◆ Exercise material

(* Let $p, q$ be probability distributions on a finite set $\mathcal{X}$ with $\mathrm{supp}(p)\subseteq\mathrm{supp}(q)$, let $L>0$, and let $\rho(x) := \log_2(p(x)/q(x))$ for $x\in\mathrm{supp}(p)$. Define $\eta_L(p,q) := D_{\mathrm{KL}}(p\|q) - D_{\mathrm{KL},L}(p\|q)$. Then \[ |\eta_L(p,q)| \le \mathbb{E}_{X\sim p}\bigl[(|\rho(X)|-L)\,\mathbf{1}\{|\rho(X)|>L\}\bigr], \] and hence \[ |\eta_L(p,q)| \le \Bigl(\log_2(1/p_{\min}) + \log_2(1/q_{\min})\Bigr)\Pr_{X\sim p}\bigl[|\rho(X)|>L\bigr], \] where $p_{\min} = \min_{x\in\mathrm{supp}(p)} p(x)$ and $q_{\min} = \min_{x\in\mathrm{supp}(q)} q(x)$. In particular, if $2^{-L}p(x)\le q(x)\le 2^{L}p(x)$ for every $x\in\mathrm{supp}(p)$ (equivalently $|\rho(x)|\le L$ on $\mathrm{supp}(p)$), then $\eta_L(p,q)=0$ and $D_{\mathrm{KL},L}(p\|q) = D_{\mathrm{KL}}(p\|q)$.
   Context: All logarithms are base 2. $D_{\mathrm{KL}}(p\|q) = \sum_x p(x)\log_2(p(x)/q(x))$. For $u\in\mathbb{R}$, $\mathrm{clip}_L(u) := \max(-L,\min(L,u))$. The clipped log-ratio is $\ell_L(x) := \mathrm{clip}_L(\log_2(p(x)/q(x)))$ (with conventions $\log_2(p/0)=+\infty$ for $p>0$, $\log_2(0/q)=-\infty$ for $q>0$), and the clipped KL expectation is $D_{\mathrm{KL},L}(p\|q) := \sum_{x\in\mathcal{X}} p(x)\,\ell_L(x)$. *)

theory Defs
  imports "HOL-Analysis.Analysis"
begin

definition is_distr :: "('a::finite \<Rightarrow> real) \<Rightarrow> bool" where
  "is_distr p \<longleftrightarrow> (\<forall>x. 0 \<le> p x) \<and> (\<Sum>x\<in>UNIV. p x) = 1"

definition supp :: "('a \<Rightarrow> real) \<Rightarrow> 'a set" where
  "supp p = {x. p x > 0}"

definition clip :: "real \<Rightarrow> real \<Rightarrow> real" where
  "clip L u = max (- L) (min L u)"

text \<open>Clipped log-ratio with the conventions log(p/0) = +inf (p>0), log(0/q) = -inf (q>0).
  The case p x = q x = 0 is irrelevant (weighted by p x = 0); we set it to 0.\<close>
definition clipped_logratio :: "real \<Rightarrow> ('a \<Rightarrow> real) \<Rightarrow> ('a \<Rightarrow> real) \<Rightarrow> 'a \<Rightarrow> real" where
  "clipped_logratio L p q x =
     (if p x > 0 \<and> q x = 0 then L
      else if p x = 0 \<and> q x > 0 then - L
      else if p x = 0 \<and> q x = 0 then 0
      else clip L (log 2 (p x / q x)))"

definition KL_clip :: "real \<Rightarrow> ('a::finite \<Rightarrow> real) \<Rightarrow> ('a \<Rightarrow> real) \<Rightarrow> real" where
  "KL_clip L p q = (\<Sum>x\<in>UNIV. p x * clipped_logratio L p q x)"

text \<open>KL divergence (base 2), with the convention 0 log(0/q) = 0; only used when supp p \<subseteq> supp q,
  where it is finite.\<close>
definition KL :: "('a::finite \<Rightarrow> real) \<Rightarrow> ('a \<Rightarrow> real) \<Rightarrow> real" where
  "KL p q = (\<Sum>x\<in>supp p. p x * log 2 (p x / q x))"

end

theory Submission
  imports Defs
begin

text \<open>On the support of p the clipped and unclipped log-ratios differ by the excess
  \<open>(\<bar>\<rho>\<bar> - L)\<^sup>+\<close>, so the triangle inequality bounds the gap by its p-expectation.
  Since p and q are distributions, \<open>\<bar>\<rho>(x)\<bar> \<le> log(1/p\<^sub>m\<^sub>i\<^sub>n) + log(1/q\<^sub>m\<^sub>i\<^sub>n)\<close> on the support,
  which bounds the excess by that constant times the indicator of \<open>\<bar>\<rho>\<bar> > L\<close>.\<close>

lemma abs_diff_clip:
  assumes "L \<ge> 0"
  shows "\<bar>u - clip L u\<bar> = (if \<bar>u\<bar> > L then \<bar>u\<bar> - L else 0)"
  using assms unfolding clip_def by auto

lemma is_distr_nonneg: "is_distr p \<Longrightarrow> 0 \<le> p x"
  unfolding is_distr_def by auto

lemma is_distr_le_one:
  assumes "is_distr p"
  shows "p x \<le> 1"
proof -
  have "p x \<le> (\<Sum>y\<in>UNIV. p y)"
    by (rule member_le_sum) (use assms in \<open>auto simp: is_distr_nonneg\<close>)
  then show ?thesis
    using assms unfolding is_distr_def by simp
qed

lemma KL_clip_eq_sum_supp:
  assumes "\<And>x. 0 \<le> p x" and "supp p \<subseteq> supp q"
  shows "KL_clip L p q = (\<Sum>x\<in>supp p. p x * clip L (log 2 (p x / q x)))"
  unfolding KL_clip_def
proof (rule sym, rule sum.mono_neutral_cong_left)
  show "\<forall>x\<in>UNIV - supp p. p x * clipped_logratio L p q x = 0"
    using assms(1) unfolding supp_def by (auto simp: order.order_iff_strict)
  show "p x * clip L (log 2 (p x / q x)) = p x * clipped_logratio L p q x" if "x \<in> supp p" for x
    using that assms(2) unfolding supp_def clipped_logratio_def by auto
qed auto

lemma abs_KL_minus_KL_clip_le:
  assumes "\<And>x. 0 \<le> p x" and "supp p \<subseteq> supp q" and "L \<ge> 0"
  shows "\<bar>KL p q - KL_clip L p q\<bar>
           \<le> (\<Sum>x\<in>supp p. p x * (if \<bar>log 2 (p x / q x)\<bar> > L
                                     then \<bar>log 2 (p x / q x)\<bar> - L else 0))"
proof -
  let ?\<rho> = "\<lambda>x. log 2 (p x / q x)"
  have "KL p q - KL_clip L p q = (\<Sum>x\<in>supp p. p x * (?\<rho> x - clip L (?\<rho> x)))"
    unfolding KL_clip_eq_sum_supp[OF assms(1,2)] KL_def
    by (simp add: sum_subtractf[symmetric] algebra_simps)
  also have "\<bar>\<dots>\<bar> \<le> (\<Sum>x\<in>supp p. \<bar>p x * (?\<rho> x - clip L (?\<rho> x))\<bar>)"
    by (rule sum_abs)
  also have "\<dots> = (\<Sum>x\<in>supp p. p x * (if \<bar>?\<rho> x\<bar> > L then \<bar>?\<rho> x\<bar> - L else 0))"
    using assms(1,3) by (simp add: abs_mult abs_diff_clip)
  finally show ?thesis .
qed

lemma neg_log_le_log_inverse_Min_supp:
  assumes "is_distr p" and "x \<in> supp p"
  shows "0 \<le> - log 2 (p x)" and "- log 2 (p x) \<le> log 2 (1 / Min (p ` supp p))"
proof -
  have px: "p x > 0"
    using assms(2) unfolding supp_def by simp
  then show "0 \<le> - log 2 (p x)"
    using is_distr_le_one[OF assms(1)] by simp
  have "Min (p ` supp p) > 0"
    using assms(2) by (subst Min_gr_iff) (auto simp: supp_def)
  moreover have "Min (p ` supp p) \<le> p x"
    using assms(2) by simp
  ultimately show "- log 2 (p x) \<le> log 2 (1 / Min (p ` supp p))"
    using px by (simp add: log_divide)
qed

lemma abs_log_ratio_le_log_inverse_Min_supp:
  assumes "is_distr p" and "is_distr q" and "supp p \<subseteq> supp q" and "x \<in> supp p"
  shows "\<bar>log 2 (p x / q x)\<bar> \<le> log 2 (1 / Min (p ` supp p)) + log 2 (1 / Min (q ` supp q))"
proof -
  have "x \<in> supp q"
    using assms(3,4) by blast
  then have "p x > 0" "q x > 0"
    using assms(4) unfolding supp_def by auto
  then have "log 2 (p x / q x) = - log 2 (q x) - - log 2 (p x)"
    by (simp add: log_divide)
  then show ?thesis
    using neg_log_le_log_inverse_Min_supp[OF assms(1,4)]
      neg_log_le_log_inverse_Min_supp[OF assms(2) \<open>x \<in> supp q\<close>]
    by linarith
qed

lemma abs_log_ratio_le_of_powr_bounds:
  assumes "a > 0" and "2 powr (- L) * a \<le> b" and "b \<le> 2 powr L * a"
  shows "\<bar>log 2 (a / b)\<bar> \<le> L"
proof -
  have "b > 0"
    using assms(1,2) by (smt (verit) powr_gt_zero mult_pos_pos)
  have "- L + log 2 a \<le> log 2 b"
    using log_le_cancel_iff[of 2 "2 powr (- L) * a" b, THEN iffD2] assms \<open>b > 0\<close>
    by (simp add: log_mult)
  moreover have "log 2 b \<le> L + log 2 a"
    using log_le_cancel_iff[of 2 b "2 powr L * a", THEN iffD2] assms \<open>b > 0\<close>
    by (simp add: log_mult)
  ultimately show ?thesis
    using assms(1) \<open>b > 0\<close> by (simp add: log_divide abs_le_iff)
qed

lemma sum_excess_le_indicator_sum:
  fixes w f :: "'a \<Rightarrow> real"
  assumes "finite S"
    and "\<And>x. x \<in> S \<Longrightarrow> 0 \<le> w x" and "\<And>x. x \<in> S \<Longrightarrow> \<bar>f x\<bar> \<le> A" and "L \<ge> 0"
  shows "(\<Sum>x\<in>S. w x * (if \<bar>f x\<bar> > L then \<bar>f x\<bar> - L else 0))
           \<le> A * (\<Sum>x\<in>{x\<in>S. \<bar>f x\<bar> > L}. w x)"
proof -
  have "(\<Sum>x\<in>S. w x * (if \<bar>f x\<bar> > L then \<bar>f x\<bar> - L else 0))
          \<le> (\<Sum>x\<in>S. if \<bar>f x\<bar> > L then A * w x else 0)"
  proof (rule sum_mono)
    fix x assume "x \<in> S"
    then have "\<bar>f x\<bar> - L \<le> A" and "0 \<le> w x"
      using assms by fastforce+
    then show "w x * (if \<bar>f x\<bar> > L then \<bar>f x\<bar> - L else 0) \<le> (if \<bar>f x\<bar> > L then A * w x else 0)"
      by (simp add: mult.commute[of A] mult_left_mono)
  qed
  also have "\<dots> = A * (\<Sum>x\<in>{x\<in>S. \<bar>f x\<bar> > L}. w x)"
    using assms(1) by (simp add: sum.inter_filter sum_distrib_left if_distrib cong: if_cong)
  finally show ?thesis .
qed

theorem lemma1:
  fixes p q :: "'a::finite \<Rightarrow> real" and L :: real
  assumes "is_distr p" and "is_distr q"
    and "supp p \<subseteq> supp q"
    and "L > 0"
  shows
   "\<bar>KL p q - KL_clip L p q\<bar>
      \<le> (\<Sum>x\<in>supp p. p x * (if \<bar>log 2 (p x / q x)\<bar> > L
                                then \<bar>log 2 (p x / q x)\<bar> - L else 0))
    \<and> \<bar>KL p q - KL_clip L p q\<bar>
      \<le> (log 2 (1 / Min (p ` supp p)) + log 2 (1 / Min (q ` supp q)))
         * (\<Sum>x\<in>{x\<in>supp p. \<bar>log 2 (p x / q x)\<bar> > L}. p x)
    \<and> ((\<forall>x\<in>supp p. 2 powr (- L) * p x \<le> q x \<and> q x \<le> 2 powr L * p x)
        \<longrightarrow> KL p q - KL_clip L p q = 0 \<and> KL_clip L p q = KL p q)"
proof -
  have p_nonneg: "\<And>x. 0 \<le> p x"
    using assms(1) by (rule is_distr_nonneg)
  note excess_bound = abs_KL_minus_KL_clip_le[OF p_nonneg assms(3) less_imp_le[OF assms(4)]]
  have "\<bar>KL p q - KL_clip L p q\<bar>
          \<le> (log 2 (1 / Min (p ` supp p)) + log 2 (1 / Min (q ` supp q)))
             * (\<Sum>x\<in>{x\<in>supp p. \<bar>log 2 (p x / q x)\<bar> > L}. p x)"
    using excess_bound sum_excess_le_indicator_sum[of "supp p" p "\<lambda>x. log 2 (p x / q x)",
        OF finite p_nonneg abs_log_ratio_le_log_inverse_Min_supp[OF assms(1-3)] less_imp_le[OF assms(4)]]
    by linarith
  moreover have "KL p q - KL_clip L p q = 0"
    if bounds: "\<forall>x\<in>supp p. 2 powr (- L) * p x \<le> q x \<and> q x \<le> 2 powr L * p x"
  proof -
    have "\<bar>log 2 (p x / q x)\<bar> \<le> L" if "x \<in> supp p" for x
      using abs_log_ratio_le_of_powr_bounds that bounds unfolding supp_def by auto
    then have "(\<Sum>x\<in>supp p. p x * (if \<bar>log 2 (p x / q x)\<bar> > L
                                      then \<bar>log 2 (p x / q x)\<bar> - L else 0)) = 0"
      by (intro sum.neutral) (fastforce simp: not_less)
    then show ?thesis
      using excess_bound by linarith
  qed
  ultimately show ?thesis
    using excess_bound by auto
qed

end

◆ Work item
Read through the entries, then copy every line where the string "that" is found.

◆ Completed exercise
  which bounds the excess by that constant times the indicator of \<open>\<bar>\<rho>\<bar> > L\<close>.\<close>
    using that assms(2) unfolding supp_def clipped_logratio_def by auto
      using abs_log_ratio_le_of_powr_bounds that bounds unfolding supp_def by auto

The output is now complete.